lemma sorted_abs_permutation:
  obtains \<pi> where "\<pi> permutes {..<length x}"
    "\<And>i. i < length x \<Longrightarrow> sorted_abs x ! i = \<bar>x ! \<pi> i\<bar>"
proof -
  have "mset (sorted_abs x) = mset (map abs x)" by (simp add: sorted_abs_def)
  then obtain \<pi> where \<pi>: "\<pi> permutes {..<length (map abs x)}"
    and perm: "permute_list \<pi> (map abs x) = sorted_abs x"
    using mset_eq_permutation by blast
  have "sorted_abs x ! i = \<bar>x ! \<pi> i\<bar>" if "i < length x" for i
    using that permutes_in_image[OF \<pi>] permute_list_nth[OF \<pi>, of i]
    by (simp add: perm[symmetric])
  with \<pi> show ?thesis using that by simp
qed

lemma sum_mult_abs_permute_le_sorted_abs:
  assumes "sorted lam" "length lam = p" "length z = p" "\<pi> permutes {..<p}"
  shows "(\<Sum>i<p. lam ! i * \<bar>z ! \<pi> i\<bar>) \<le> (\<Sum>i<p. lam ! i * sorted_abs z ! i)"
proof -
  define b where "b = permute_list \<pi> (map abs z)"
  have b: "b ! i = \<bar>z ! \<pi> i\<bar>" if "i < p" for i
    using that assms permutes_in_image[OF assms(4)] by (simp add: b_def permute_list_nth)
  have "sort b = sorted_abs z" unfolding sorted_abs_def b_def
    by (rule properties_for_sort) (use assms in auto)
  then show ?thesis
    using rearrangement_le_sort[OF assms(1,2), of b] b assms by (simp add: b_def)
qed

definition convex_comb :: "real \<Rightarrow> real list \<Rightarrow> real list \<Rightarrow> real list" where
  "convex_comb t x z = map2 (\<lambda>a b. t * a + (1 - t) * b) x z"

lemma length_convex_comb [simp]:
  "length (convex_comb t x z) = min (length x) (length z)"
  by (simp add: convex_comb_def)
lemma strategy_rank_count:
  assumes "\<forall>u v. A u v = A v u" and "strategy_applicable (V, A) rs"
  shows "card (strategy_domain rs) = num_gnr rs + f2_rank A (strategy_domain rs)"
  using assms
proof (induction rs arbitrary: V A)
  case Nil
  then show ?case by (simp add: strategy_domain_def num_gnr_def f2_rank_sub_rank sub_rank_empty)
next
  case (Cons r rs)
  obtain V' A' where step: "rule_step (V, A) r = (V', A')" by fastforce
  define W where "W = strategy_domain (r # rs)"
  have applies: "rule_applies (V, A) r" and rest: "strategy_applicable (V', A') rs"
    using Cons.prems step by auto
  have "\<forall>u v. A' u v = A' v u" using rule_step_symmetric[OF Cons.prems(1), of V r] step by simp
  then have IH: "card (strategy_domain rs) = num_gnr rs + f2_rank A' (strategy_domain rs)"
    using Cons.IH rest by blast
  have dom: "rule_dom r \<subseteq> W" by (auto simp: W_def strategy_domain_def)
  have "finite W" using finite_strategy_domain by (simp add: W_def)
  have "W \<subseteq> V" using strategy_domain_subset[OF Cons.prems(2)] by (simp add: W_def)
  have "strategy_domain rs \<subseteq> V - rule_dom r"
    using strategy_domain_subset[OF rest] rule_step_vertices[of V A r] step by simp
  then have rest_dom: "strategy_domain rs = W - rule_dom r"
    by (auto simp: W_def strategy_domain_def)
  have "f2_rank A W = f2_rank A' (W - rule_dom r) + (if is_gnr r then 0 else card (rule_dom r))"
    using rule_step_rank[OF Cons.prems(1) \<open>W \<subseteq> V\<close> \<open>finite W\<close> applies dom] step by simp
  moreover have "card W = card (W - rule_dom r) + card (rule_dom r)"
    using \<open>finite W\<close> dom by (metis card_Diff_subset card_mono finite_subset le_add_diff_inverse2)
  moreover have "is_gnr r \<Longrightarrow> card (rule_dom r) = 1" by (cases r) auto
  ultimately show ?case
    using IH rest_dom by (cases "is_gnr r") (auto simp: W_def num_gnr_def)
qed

* * *

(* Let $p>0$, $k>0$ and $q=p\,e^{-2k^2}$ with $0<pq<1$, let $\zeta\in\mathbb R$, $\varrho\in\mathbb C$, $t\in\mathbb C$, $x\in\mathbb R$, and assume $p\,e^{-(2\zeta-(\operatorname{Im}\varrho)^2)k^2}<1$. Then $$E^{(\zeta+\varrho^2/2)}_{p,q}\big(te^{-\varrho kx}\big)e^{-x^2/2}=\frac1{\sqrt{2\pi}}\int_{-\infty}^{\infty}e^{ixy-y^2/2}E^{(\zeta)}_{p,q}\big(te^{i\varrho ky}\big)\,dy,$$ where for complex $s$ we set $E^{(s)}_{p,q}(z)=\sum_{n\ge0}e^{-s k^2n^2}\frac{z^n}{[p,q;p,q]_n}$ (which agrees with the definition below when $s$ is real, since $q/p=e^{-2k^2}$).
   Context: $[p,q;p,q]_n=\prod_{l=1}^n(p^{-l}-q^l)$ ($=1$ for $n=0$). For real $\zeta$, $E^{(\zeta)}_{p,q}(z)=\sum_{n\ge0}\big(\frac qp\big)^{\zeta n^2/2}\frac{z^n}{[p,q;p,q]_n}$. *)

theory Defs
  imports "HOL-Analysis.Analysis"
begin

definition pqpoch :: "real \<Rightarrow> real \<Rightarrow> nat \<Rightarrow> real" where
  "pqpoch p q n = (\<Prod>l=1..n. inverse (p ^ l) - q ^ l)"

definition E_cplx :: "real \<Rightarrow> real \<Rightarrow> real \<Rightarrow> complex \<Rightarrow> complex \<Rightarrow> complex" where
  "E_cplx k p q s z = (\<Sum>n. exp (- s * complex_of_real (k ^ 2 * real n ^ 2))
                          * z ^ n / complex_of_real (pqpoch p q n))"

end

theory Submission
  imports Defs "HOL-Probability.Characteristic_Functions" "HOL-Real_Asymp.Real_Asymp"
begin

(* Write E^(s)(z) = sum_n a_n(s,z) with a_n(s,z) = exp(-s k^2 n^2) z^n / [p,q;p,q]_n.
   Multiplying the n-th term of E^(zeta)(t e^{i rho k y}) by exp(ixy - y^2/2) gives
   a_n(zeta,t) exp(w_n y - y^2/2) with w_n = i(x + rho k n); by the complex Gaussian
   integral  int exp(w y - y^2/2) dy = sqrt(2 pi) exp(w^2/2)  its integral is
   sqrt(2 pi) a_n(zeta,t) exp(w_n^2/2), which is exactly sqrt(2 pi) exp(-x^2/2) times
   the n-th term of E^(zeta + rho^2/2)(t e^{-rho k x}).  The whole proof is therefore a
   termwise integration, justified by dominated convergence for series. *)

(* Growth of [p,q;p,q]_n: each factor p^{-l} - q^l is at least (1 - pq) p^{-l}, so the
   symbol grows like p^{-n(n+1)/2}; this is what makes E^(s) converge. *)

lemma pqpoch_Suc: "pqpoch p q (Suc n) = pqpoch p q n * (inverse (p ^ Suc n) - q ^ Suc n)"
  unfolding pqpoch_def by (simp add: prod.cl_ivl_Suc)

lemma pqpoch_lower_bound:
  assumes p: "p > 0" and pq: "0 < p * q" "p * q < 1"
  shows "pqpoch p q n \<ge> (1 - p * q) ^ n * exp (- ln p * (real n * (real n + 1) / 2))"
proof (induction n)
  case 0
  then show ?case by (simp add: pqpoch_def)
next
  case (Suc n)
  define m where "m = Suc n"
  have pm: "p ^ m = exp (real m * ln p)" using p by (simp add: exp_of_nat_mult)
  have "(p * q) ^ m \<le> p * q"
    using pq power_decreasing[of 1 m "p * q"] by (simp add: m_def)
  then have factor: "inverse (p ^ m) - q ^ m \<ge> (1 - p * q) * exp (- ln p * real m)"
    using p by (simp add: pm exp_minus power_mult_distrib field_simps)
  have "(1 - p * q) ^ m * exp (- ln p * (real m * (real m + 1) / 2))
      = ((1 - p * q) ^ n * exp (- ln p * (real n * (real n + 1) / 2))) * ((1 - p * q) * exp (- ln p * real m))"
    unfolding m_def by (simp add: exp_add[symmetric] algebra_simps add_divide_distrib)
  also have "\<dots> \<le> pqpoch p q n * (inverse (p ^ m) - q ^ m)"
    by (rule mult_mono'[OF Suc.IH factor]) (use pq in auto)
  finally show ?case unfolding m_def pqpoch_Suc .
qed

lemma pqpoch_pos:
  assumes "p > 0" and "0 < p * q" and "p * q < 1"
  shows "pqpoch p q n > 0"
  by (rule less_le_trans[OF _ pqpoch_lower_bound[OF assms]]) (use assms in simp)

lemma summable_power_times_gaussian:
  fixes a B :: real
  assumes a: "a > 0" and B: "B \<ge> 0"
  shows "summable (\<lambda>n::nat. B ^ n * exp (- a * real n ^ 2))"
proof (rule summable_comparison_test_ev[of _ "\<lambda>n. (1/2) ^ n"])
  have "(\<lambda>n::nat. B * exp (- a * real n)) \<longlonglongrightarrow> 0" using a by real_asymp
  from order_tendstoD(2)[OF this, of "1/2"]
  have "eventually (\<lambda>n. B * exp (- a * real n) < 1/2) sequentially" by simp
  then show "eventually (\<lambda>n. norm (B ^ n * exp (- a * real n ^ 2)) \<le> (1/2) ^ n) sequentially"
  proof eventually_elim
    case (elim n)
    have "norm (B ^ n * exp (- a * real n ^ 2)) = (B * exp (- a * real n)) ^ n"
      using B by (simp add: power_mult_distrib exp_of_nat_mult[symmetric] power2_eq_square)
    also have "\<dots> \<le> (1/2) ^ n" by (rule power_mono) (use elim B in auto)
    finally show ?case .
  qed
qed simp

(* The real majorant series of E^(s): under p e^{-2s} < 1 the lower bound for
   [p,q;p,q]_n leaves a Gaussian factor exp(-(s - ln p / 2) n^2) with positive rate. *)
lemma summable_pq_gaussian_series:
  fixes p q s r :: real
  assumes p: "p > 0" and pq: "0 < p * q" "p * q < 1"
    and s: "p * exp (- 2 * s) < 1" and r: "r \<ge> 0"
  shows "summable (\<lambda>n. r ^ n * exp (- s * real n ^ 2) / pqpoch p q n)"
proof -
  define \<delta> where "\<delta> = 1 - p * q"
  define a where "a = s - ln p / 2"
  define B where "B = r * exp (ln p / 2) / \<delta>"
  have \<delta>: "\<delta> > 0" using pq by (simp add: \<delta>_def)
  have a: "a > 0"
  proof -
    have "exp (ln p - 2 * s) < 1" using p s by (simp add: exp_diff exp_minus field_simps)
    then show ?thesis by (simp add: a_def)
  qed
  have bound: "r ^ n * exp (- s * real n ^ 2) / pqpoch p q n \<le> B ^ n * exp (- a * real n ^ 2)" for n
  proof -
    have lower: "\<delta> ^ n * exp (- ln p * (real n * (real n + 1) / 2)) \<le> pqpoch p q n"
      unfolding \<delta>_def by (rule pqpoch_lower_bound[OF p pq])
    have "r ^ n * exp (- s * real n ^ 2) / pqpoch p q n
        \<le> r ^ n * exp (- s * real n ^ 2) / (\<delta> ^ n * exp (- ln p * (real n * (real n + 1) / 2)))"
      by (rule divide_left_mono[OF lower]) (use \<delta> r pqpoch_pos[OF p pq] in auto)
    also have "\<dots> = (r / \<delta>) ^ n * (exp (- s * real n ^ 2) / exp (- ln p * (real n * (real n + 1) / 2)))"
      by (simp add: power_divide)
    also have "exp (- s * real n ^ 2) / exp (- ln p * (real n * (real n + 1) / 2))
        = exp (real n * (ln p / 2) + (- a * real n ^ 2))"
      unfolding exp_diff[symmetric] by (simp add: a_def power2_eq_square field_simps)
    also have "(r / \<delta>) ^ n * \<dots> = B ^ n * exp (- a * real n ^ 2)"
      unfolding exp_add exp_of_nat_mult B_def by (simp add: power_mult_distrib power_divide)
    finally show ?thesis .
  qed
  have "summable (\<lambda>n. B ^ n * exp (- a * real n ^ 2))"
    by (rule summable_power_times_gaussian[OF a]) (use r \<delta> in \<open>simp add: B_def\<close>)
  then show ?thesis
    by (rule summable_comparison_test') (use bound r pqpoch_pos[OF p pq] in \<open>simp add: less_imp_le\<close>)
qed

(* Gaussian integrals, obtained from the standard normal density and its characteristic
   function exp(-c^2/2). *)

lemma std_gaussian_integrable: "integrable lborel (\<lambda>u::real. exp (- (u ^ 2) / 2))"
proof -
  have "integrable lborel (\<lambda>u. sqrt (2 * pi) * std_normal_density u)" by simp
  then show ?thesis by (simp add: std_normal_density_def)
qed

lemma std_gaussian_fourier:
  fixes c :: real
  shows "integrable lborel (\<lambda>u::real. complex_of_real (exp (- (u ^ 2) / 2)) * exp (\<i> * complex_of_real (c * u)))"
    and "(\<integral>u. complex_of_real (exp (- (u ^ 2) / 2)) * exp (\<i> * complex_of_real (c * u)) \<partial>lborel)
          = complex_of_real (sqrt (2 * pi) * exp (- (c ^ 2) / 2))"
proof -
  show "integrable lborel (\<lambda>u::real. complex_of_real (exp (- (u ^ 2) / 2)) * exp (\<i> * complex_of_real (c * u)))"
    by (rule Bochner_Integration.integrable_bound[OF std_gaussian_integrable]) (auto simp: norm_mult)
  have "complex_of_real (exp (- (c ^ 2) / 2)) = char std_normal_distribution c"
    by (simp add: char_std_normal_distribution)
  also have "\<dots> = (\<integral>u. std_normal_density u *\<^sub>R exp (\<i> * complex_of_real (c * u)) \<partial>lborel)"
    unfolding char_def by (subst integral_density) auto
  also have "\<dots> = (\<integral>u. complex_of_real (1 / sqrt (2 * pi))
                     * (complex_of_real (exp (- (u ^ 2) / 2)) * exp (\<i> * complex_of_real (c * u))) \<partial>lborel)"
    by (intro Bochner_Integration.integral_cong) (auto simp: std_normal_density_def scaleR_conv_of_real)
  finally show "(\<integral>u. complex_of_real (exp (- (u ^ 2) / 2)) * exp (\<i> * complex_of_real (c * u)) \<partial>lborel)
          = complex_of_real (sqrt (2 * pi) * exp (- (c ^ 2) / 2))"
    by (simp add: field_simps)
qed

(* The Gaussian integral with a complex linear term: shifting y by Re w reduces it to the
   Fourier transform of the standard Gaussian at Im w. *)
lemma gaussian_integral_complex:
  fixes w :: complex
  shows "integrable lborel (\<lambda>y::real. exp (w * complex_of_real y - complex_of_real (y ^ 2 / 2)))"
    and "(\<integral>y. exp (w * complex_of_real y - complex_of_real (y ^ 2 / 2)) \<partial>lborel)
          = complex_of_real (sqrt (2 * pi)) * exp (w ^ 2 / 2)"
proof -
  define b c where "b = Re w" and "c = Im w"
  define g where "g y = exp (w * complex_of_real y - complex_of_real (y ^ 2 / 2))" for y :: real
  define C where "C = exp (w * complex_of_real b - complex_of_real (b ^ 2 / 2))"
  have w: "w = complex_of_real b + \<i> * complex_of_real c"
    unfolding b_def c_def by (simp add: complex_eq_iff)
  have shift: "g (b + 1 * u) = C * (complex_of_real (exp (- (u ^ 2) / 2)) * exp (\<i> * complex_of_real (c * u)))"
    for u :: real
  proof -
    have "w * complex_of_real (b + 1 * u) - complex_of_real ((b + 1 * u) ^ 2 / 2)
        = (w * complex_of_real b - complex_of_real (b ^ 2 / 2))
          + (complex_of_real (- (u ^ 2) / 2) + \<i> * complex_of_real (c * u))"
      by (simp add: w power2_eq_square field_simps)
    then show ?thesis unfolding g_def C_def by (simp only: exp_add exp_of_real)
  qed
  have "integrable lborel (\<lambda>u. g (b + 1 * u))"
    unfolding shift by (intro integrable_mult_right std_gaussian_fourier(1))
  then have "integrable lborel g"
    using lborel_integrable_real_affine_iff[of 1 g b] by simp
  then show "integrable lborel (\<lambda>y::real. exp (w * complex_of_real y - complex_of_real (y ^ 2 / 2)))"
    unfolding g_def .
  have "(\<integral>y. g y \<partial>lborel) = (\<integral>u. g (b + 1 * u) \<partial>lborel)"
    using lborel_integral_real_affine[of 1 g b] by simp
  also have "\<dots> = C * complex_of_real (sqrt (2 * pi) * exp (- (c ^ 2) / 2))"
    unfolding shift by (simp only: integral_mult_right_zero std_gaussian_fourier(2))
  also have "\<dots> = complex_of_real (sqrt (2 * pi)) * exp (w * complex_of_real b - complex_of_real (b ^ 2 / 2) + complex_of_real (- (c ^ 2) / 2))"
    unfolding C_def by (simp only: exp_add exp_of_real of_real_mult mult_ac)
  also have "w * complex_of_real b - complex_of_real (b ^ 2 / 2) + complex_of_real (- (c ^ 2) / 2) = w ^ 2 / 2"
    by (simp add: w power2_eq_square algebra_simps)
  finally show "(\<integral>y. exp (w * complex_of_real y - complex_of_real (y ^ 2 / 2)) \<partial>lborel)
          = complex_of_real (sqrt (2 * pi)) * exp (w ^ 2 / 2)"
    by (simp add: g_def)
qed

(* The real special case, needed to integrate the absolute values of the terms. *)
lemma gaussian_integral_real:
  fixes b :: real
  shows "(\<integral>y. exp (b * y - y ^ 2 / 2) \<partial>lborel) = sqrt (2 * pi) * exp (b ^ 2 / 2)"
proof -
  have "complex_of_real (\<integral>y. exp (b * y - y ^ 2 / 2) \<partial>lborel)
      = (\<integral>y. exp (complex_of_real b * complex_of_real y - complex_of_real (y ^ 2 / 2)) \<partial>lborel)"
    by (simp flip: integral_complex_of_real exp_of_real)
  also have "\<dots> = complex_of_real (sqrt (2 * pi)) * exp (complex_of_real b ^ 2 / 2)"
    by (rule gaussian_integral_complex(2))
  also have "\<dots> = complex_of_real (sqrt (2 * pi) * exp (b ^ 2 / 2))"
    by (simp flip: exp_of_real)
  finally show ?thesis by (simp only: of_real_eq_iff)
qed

* * *

» **Work item**
With no other words, report how many lines in the entries hold the string "sequentially".

» **Response**
2